And yet we have such terrible poverty.
When I read stories about poor people in America, always there is lurking just below the surface the key element of scarcity. Not food. Not transportation. Not clothing. Not even, surprisingly, health care. The missing factor in all these broken lives is the simplest thing. Space. Some space to fucking sleep and live.
How can such a large country suffer from a bigger housing crisis than we find in jammed up dense countries like Singapore, South Korea, and India?
Why hasn't the market solved this problem?
Believe it or not, its not impossible to manufacture a living space in a factory and assemble it on site in a day, to provide extremely well made and affordable housing structures.

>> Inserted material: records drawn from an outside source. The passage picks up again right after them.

lemma chernoff_bound_optimized:
  fixes p s t r :: real and n :: nat
  assumes bound: "\<And>h. 0 < h \<Longrightarrow> p \<le> exp (- h * t) * (1 + s * (exp (h * (t / r)) / (t / r)\<^sup>2)) ^ n"
    and "p \<le> 1" "0 \<le> s" "1 < r" "0 < t"
  shows "p \<le> exp r * (real n * r * s / t\<^sup>2) powr r"
proof -
  define q where "q = real n * r * s / t\<^sup>2"
  define y where "y = t / r"
  have "0 \<le> q" "0 < y"
    using assms by (auto simp: q_def y_def)
  consider "q = 0" | "0 < q" "q < 1" | "1 \<le> q"
    using \<open>0 \<le> q\<close> by linarith
  then have "p \<le> exp r * q powr r"
  proof cases
    case 1
    then have "n = 0 \<or> s = 0"
      using assms by (simp add: q_def)
    then have "p \<le> exp (- h * t)" if "0 < h" for h
      using bound[OF that] by auto
    moreover have "filterlim (\<lambda>h. h * t) at_top at_top"
      using filterlim_tendsto_pos_mult_at_top[OF tendsto_const \<open>0 < t\<close> filterlim_ident]
      by (simp add: mult.commute)
    then have "((\<lambda>h. exp (- h * t)) \<longlongrightarrow> 0) at_top"
      by (intro filterlim_compose[OF exp_at_bot]) (simp add: filterlim_uminus_at_top)
    ultimately have "p \<le> 0"
      by (intro tendsto_lowerbound[where f = "\<lambda>h. exp (- h * t)"])
        (auto simp: eventually_at_top_dense intro!: exI[of _ 0])
    then show ?thesis
      using 1 by simp
  next
    case 2
    then have "s \<noteq> 0" "n \<noteq> 0"
      unfolding q_def by (metis divide_eq_0_iff less_irrefl mult_zero_left mult_zero_right of_nat_0)+
    define h where "h = - ln q / y"
    have "0 < h"
      using 2 \<open>0 < y\<close> by (simp add: h_def divide_neg_pos)
    have exp_hy: "exp (h * y) = inverse q"
      using 2 \<open>0 < y\<close> by (simp add: h_def exp_minus exp_ln)
    have exp_ht: "exp (- h * t) = q powr r"
      using 2 assms by (simp add: h_def y_def powr_def field_simps)
    have exponent: "real n * (s * (exp (h * y) / y\<^sup>2)) = r"
      using \<open>s \<noteq> 0\<close> \<open>n \<noteq> 0\<close> \<open>1 < r\<close> \<open>0 < t\<close> unfolding exp_hy
      by (simp add: q_def y_def field_simps power2_eq_square)
    have "p \<le> exp (- h * t) * (1 + s * (exp (h * y) / y\<^sup>2)) ^ n"
      using bound[OF \<open>0 < h\<close>] by (simp add: y_def)
    also have "\<dots> \<le> exp (- h * t) * exp (s * (exp (h * y) / y\<^sup>2)) ^ n"
      using assms by (intro mult_left_mono power_mono) (auto simp: exp_ge_add_one_self)
    also have "\<dots> = exp (- h * t) * exp (real n * (s * (exp (h * y) / y\<^sup>2)))"
      by (simp flip: exp_of_nat_mult)
    finally show ?thesis
      using exponent exp_ht by (simp add: mult.commute)
  next
    case 3
    have "1 * 1 \<le> exp r * q powr r"
      using 3 assms by (intro mult_mono ge_one_powr_ge_zero) auto
    then show ?thesis
      using \<open>p \<le> 1\<close> by simp
  qed
  then show ?thesis
    unfolding q_def .
qed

There is space enough in American cities if density is allowed to be increased. In other words if these fake "liberal" NIMBYs in American cities can be persuaded to give up the precious "character" of their neighborhoods, we can make space for everyone. CHEAP space.

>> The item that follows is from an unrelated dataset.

(* Let $n,d,c\in\mathbb{N}$ with $d\ge 50$ and $c\in[d]$, let $\mathcal{F}\subseteq 2^{[n]}$ be a hereditary family with $\delta(\mathcal{F})\ge 2^{d-1}-c+1$, and let $P$ be an isolated pile of $\mathcal{F}$ with $\sum_{x\in P}\omega_{\mathcal{F}}(x)<2^d-c$. Then: (a) $t\ge c$; (b) $t\le 2c-2$; (c) for every $x\in P$, $d_{\mathcal{G}}(x)\ge 2^{d-1}-2c+2$; (d) if $x\in P$ is a bad vertex, then $\{x\}\in\mathcal{N}$; (e) $P$ contains at most $\frac d2-1$ good vertices.
   Context: A family is hereditary if it is closed under taking subsets. $d_{\mathcal{F}}(x)=|\{F\in\mathcal{F}:x\in F\}|$, $\delta(\mathcal{F})=\min_x d_{\mathcal{F}}(x)$, $N(x)=\bigcup_{x\in F\in\mathcal{F}}F$. The weight of $x$ is $\omega_{\mathcal{F}}(x)=\sum_{x\in F\in\mathcal{F}}\frac{1}{|F|}$. A vertex $x$ is good if $|N(x)|\ge d+1$ and bad if $|N(x)|=d$. A set $P\subseteq[n]$ with $|P|=d$ is a pile of $\mathcal{F}$ if $P\subseteq N(y)$ for every $y\in P$, and there exists $z\in P$ with $N(z)=P$; a pile is isolated if it is disjoint from every other pile. Given the pile $P$, let $\mathcal{G}=\{S\subseteq P: S\in\mathcal{F}\}$, $d_{\mathcal{G}}(x)=|\{S\in\mathcal{G}:x\in S\}|$, $t=2^d-|\mathcal{G}|$, $\mathcal{M}=2^{P}\setminus\mathcal{G}$, and $\mathcal{N}=\{P\setminus M: M\in\mathcal{M}\}$. *)

theory Defs
  imports Complex_Main
begin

Maybe "the market" is not a good tool to solve inequality.
We aren't natural. We don't need natural evolutionary states. We need unnatural, human-oriented, ethical states.
I don't need "unnatural, human-oriented, ethical states". I'm perfectly happy with a state where I can acquire as many resources as possible, even if that incurs a significant cost to others.
I'm not going to judge you on moral grounds. Instead, consider what would happen if everyone lived like that. What kind of world would we have? I think it would be a hellish dog-eat-dog world.
You may believe that the world is already that way, but at the moment, there is a lot of kindness, compassion and consideration too. Instead of that, if everyone had the attitude of "I got mine, f* you", the world would be unimaginably worse than it is now.
Moreover, that kind of living is unsustainable in the long run. If you collect as many resources as possible to the detriment of others, sooner or later others would try to snatch those back from you, even by violence.